School manager at Rockfort, Marcus Nash, told Outlook, "This is a first for Rockfort.

"We were not totally prepared, but now we have started to put in ramps so that he can get in and out of the workshop. The school is also improving access to the bathroom and canteen areas for the student and others like him who will follow.

"We hope we will have more persons like him coming," the school manager added.

Dean's presence at the training school is largely due to the effort of the Jamaica Paraplegic Association. Pamela Chin, a volunteer at this organisation, said that Dean played on the association's basketball team, but like many others were not involved in the kind of training that would lead to employment.

The 19-year-old, a former student at Papine High School, had not done very well in school before because of the difficulty involved in travelling from his home in Maxfield Park where he lives with mother Angela Reid.
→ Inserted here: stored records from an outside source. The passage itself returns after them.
(* Let $c>0$ and $v\in\mathbb{R}^d$. For $i=1,\dots,m$ let $u_i\in\mathbb{R}^d$ and let $p_i$ be a probability density on $\mathbb{R}^d$ of the form $p_i(y)=\phi_i(\|y-u_i\|)$ for some function $\phi_i$. Suppose $v=\sum_{i=1}^m w_iu_i$ with $w_i\ge0$, $\sum_{i=1}^m w_i=1$, and $\langle u_i,v\rangle\ge0$ for all $i$. Let $\xi$ have the zero-mean mixture density $p'(\xi)=\sum_{i=1}^m w_i\,p_i(\xi+v)$ (i.e. $v+\xi$ has density $\sum_i w_ip_i$), and let $g=\mathrm{clip}(v+\xi,c)$. Then $$\mathbb{E}_{\xi\sim p'}[\langle v,g\rangle]\ge\|v\|\sum_{i=1}^m w_i\min\left(\|u_i\|,\frac34c\right)\cos(v,u_i)\,\mathbb{P}_{y\sim p_i}\left(\|y-u_i\|<\frac c4\right)\ge0.$$
   Context: For $g\in\mathbb{R}^d$ and $c>0$, $\mathrm{clip}(g,c)=g\cdot\min\left(1,\frac{c}{\|g\|}\right)$ (with $\mathrm{clip}(0,c)=0$). $\cos(a,b)=\langle a,b\rangle/(\|a\|\|b\|)$ (terms in which $a$ or $b$ is zero are taken to be $0$). In the paper $v$ is the true gradient $\nabla f(x_t)$. *)

theory Defs
  imports "HOL-Analysis.Analysis"
begin

definition clip :: "'a::real_normed_vector \<Rightarrow> real \<Rightarrow> 'a" where
  "clip g c = (if g = 0 then 0 else min 1 (c / norm g) *\<^sub>R g)"

definition vcos :: "'a::real_inner \<Rightarrow> 'a \<Rightarrow> real" where
  "vcos a b = (if a = 0 \<or> b = 0 then 0 else inner a b / (norm a * norm b))"

end

theory Submission
  imports Defs
begin

(*
  Expand the mixture. Each p_i is the density of a finite measure invariant under every
  isometry fixing u_i, because Lebesgue measure is invariant under orthogonal maps (Vitali:
  cover an open set by disjoint balls up to a null set; such maps send balls to balls of the
  same radius). For such a measure put J w = E <w, clip y c>.

  Reflection H in the line R u fixes the measure and commutes with clipping, so J v = J (H v);
  as v + H v is a multiple of u, J v = <u,v> / |u|^2 * J u.

  Reflection through the point u pairs u + z with u - z. For a unit vector e the e-component of
  clip (s e + z) c is nondecreasing in s, hence <u, clip (u + z) c> + <u, clip (u - z) c> >= 0,
  and for |z| <= c/4 it is at least 2 |u| b with b = min(|u|, 3c/4), since b e + z and b e - z
  have norm at most c and are not clipped. So J u >= |u| b P(|y - u| < c/4).
*)

section \<open>Clipping\<close>

lemma inner_clip: "inner a (clip y c) = inner a y * min 1 (c / norm y)"
  by (simp add: clip_def)

lemma clip_eq_self: "norm y \<le> c \<Longrightarrow> clip y c = y"
  by (auto simp: clip_def divide_simps)

lemma clip_uminus: "clip (- y) c = - clip y c"
  by (simp add: clip_def)

lemma norm_clip_le: "norm (clip y c) \<le> \<bar>c\<bar>"
  by (auto simp: clip_def abs_mult min_def divide_simps)

lemma borel_measurable_clip [measurable]:
  "(\<lambda>y::'a::euclidean_space. clip y c) \<in> borel_measurable borel"
  unfolding clip_def by measurable

lemma clip_orthogonal_transformation:
  fixes f :: "'a::euclidean_space \<Rightarrow> 'a"
  assumes "orthogonal_transformation f"
  shows "clip (f y) c = f (clip y c)"
  using assms
  by (simp add: clip_def orthogonal_transformation_norm orthogonal_transformation_scaleR
      linear_0 orthogonal_transformation_linear orthogonal_transformation_inj inj_eq[symmetric, of f y 0])

(* The component along a unit vector e of clip y c, where x is the e-component of y and q the
   squared norm of the component of y orthogonal to e. *)
definition clip_profile :: "real \<Rightarrow> real \<Rightarrow> real \<Rightarrow> real" where
  "clip_profile c q x = x * min 1 (c / sqrt (x\<^sup>2 + q))"

lemma clip_profile_minus: "clip_profile c q (- x) = - clip_profile c q x"
  by (simp add: clip_profile_def)

lemma clip_profile_mono_nonneg:
  assumes c: "0 \<le> c" and q: "0 \<le> q" and xy: "0 \<le> x" "x \<le> y"
  shows "clip_profile c q x \<le> clip_profile c q y"
proof -
  have min_form: "clip_profile c q t = min t (c * (t / sqrt (t\<^sup>2 + q)))" if "0 \<le> t" for t
    using that unfolding clip_profile_def min_mult_distrib_left by (simp add: ac_simps)
  show ?thesis
  proof (cases "x = 0")
    case True
    then show ?thesis
      using c q xy by (simp add: clip_profile_def)
  next
    case False
    then have pos: "0 < x\<^sup>2 + q" "0 < y\<^sup>2 + q"
      using q xy by (simp_all add: add_pos_nonneg)
    have "q * x\<^sup>2 \<le> q * y\<^sup>2"
      using q xy by (simp add: mult_left_mono power_mono)
    then have "x\<^sup>2 * (y\<^sup>2 + q) \<le> y\<^sup>2 * (x\<^sup>2 + q)"
      by (simp add: algebra_simps)
    then have "x\<^sup>2 / (x\<^sup>2 + q) \<le> y\<^sup>2 / (y\<^sup>2 + q)"
      using pos by (simp add: le_divide_eq divide_le_eq mult.commute)
    then have "(x / sqrt (x\<^sup>2 + q))\<^sup>2 \<le> (y / sqrt (y\<^sup>2 + q))\<^sup>2"
      using pos by (simp add: power_divide)
    moreover have "0 \<le> y / sqrt (y\<^sup>2 + q)"
      using q xy by simp
    ultimately have "x / sqrt (x\<^sup>2 + q) \<le> y / sqrt (y\<^sup>2 + q)"
      by (rule power2_le_imp_le)
    then have "c * (x / sqrt (x\<^sup>2 + q)) \<le> c * (y / sqrt (y\<^sup>2 + q))"
      using c by (rule mult_left_mono)
    with xy show ?thesis
      unfolding min_form[OF xy(1)] min_form[OF order_trans[OF xy]] by (intro min.mono)
  qed
qed

lemma mono_clip_profile:
  assumes "0 \<le> c" "0 \<le> q"
  shows "mono (clip_profile c q)"
proof
  fix x y :: real
  assume "x \<le> y"
  consider "0 \<le> x" | "y \<le> 0" | "x < 0" "0 < y" by linarith
  then show "clip_profile c q x \<le> clip_profile c q y"
  proof cases
    case 1
    with \<open>x \<le> y\<close> show ?thesis using assms clip_profile_mono_nonneg by blast
  next
    case 2
    with \<open>x \<le> y\<close> have "clip_profile c q (- y) \<le> clip_profile c q (- x)"
      using assms by (intro clip_profile_mono_nonneg) auto
    then show ?thesis by (simp add: clip_profile_minus)
  next
    case 3
    then have "clip_profile c q 0 \<le> clip_profile c q (- x)" "clip_profile c q 0 \<le> clip_profile c q y"
      using assms by (auto intro: clip_profile_mono_nonneg)
    then show ?thesis by (simp add: clip_profile_minus clip_profile_def)
  qed
qed

lemma inner_clip_along_unit:
  fixes e z :: "'a::real_inner"
  assumes e: "norm e = 1"
  shows "inner e (clip (s *\<^sub>R e + z) c)
           = clip_profile c ((norm z)\<^sup>2 - (inner e z)\<^sup>2) (s + inner e z)"
proof -
  have ee: "inner e e = 1"
    using e by (simp add: power2_norm_eq_inner[symmetric])
  have "(norm (s *\<^sub>R e + z))\<^sup>2 = (s + inner e z)\<^sup>2 + ((norm z)\<^sup>2 - (inner e z)\<^sup>2)"
    unfolding power2_norm_eq_inner
    by (simp add: inner_add_left inner_add_right inner_commute[of z e] ee power2_eq_square algebra_simps)
  then have "norm (s *\<^sub>R e + z) = sqrt ((s + inner e z)\<^sup>2 + ((norm z)\<^sup>2 - (inner e z)\<^sup>2))"
    by (metis norm_ge_zero real_sqrt_unique)
  moreover have "inner e (s *\<^sub>R e + z) = s + inner e z"
    by (simp add: inner_add_right ee)
  ultimately show ?thesis
    by (simp add: inner_clip clip_profile_def)
qed

lemma mono_inner_clip_along_unit:
  fixes e z :: "'a::real_inner"
  assumes "norm e = 1" "0 \<le> c"
  shows "mono (\<lambda>s. inner e (clip (s *\<^sub>R e + z) c))"
proof -
  have "\<bar>inner e z\<bar> \<le> norm z"
    using Cauchy_Schwarz_ineq2[of e z] assms(1) by simp
  then have "(inner e z)\<^sup>2 \<le> (norm z)\<^sup>2"
    by (simp add: power2_le_iff_abs_le)
  then have "mono (clip_profile c ((norm z)\<^sup>2 - (inner e z)\<^sup>2))"
    using assms by (intro mono_clip_profile) auto
  then show ?thesis
    unfolding inner_clip_along_unit[OF assms(1)] by (auto simp: mono_def)
qed

lemma inner_clip_add_diff_nonneg:
  fixes u z :: "'a::real_inner"
  assumes "0 \<le> c"
  shows "0 \<le> inner u (clip (u + z) c) + inner u (clip (u - z) c)"
proof (cases "u = 0")
  case False
  define e where "e = (1 / norm u) *\<^sub>R u"
  have e: "norm e = 1" and ue: "norm u *\<^sub>R e = u"
    using False by (simp_all add: e_def)
  have inner_u: "inner u x = norm u * inner e x" for x
    by (metis ue inner_scaleR_left)
  define h where "h s = inner e (clip (s *\<^sub>R e + z) c)" for s
  have "h (- norm u) \<le> h (norm u)"
    unfolding h_def by (rule monoD[OF mono_inner_clip_along_unit[OF e assms]]) simp
  moreover have "inner u (clip (u + z) c) = norm u * h (norm u)"
    by (simp add: h_def ue inner_u)
  moreover have "inner u (clip (u - z) c) = - norm u * h (- norm u)"
    using clip_uminus[of "z - u" c] by (simp add: h_def ue inner_u)
  ultimately show ?thesis
    by (simp add: mult_left_mono flip: right_diff_distrib)
qed simp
The Paraplegic Association pulled together a number of corporate sponsors who have agreed to underwrite the cost of his travel, breakfast and supper.

Everything is going like clockwork, Mrs. Chin notes. Dean's chauffeur is another paraplegic who runs a taxi service.

Pamela Chin said, "Dean is brave. It is all so inspiring. Dean is one of six children born to mother Angela Reid. His father, Derrick Stewart, died when he was three."

Sister pleased

Older sister Mellissa Powell, a hairdresser, told Outlook that she is pleased that her brother is doing so well. "Dean is a nice boy. Very intelligent. Yesterday I called him and he told me that he is doing well in school. He will turn out well because he has ability. He loves sports too," she said. Although Dean says that welding is not his first priority, he really likes it especially where it involves work with automobiles. "I have to work," he said.

"I hope to get a job but I still want the subjects which will help me to become a lawyer." With his kind of determination, he just might succeed.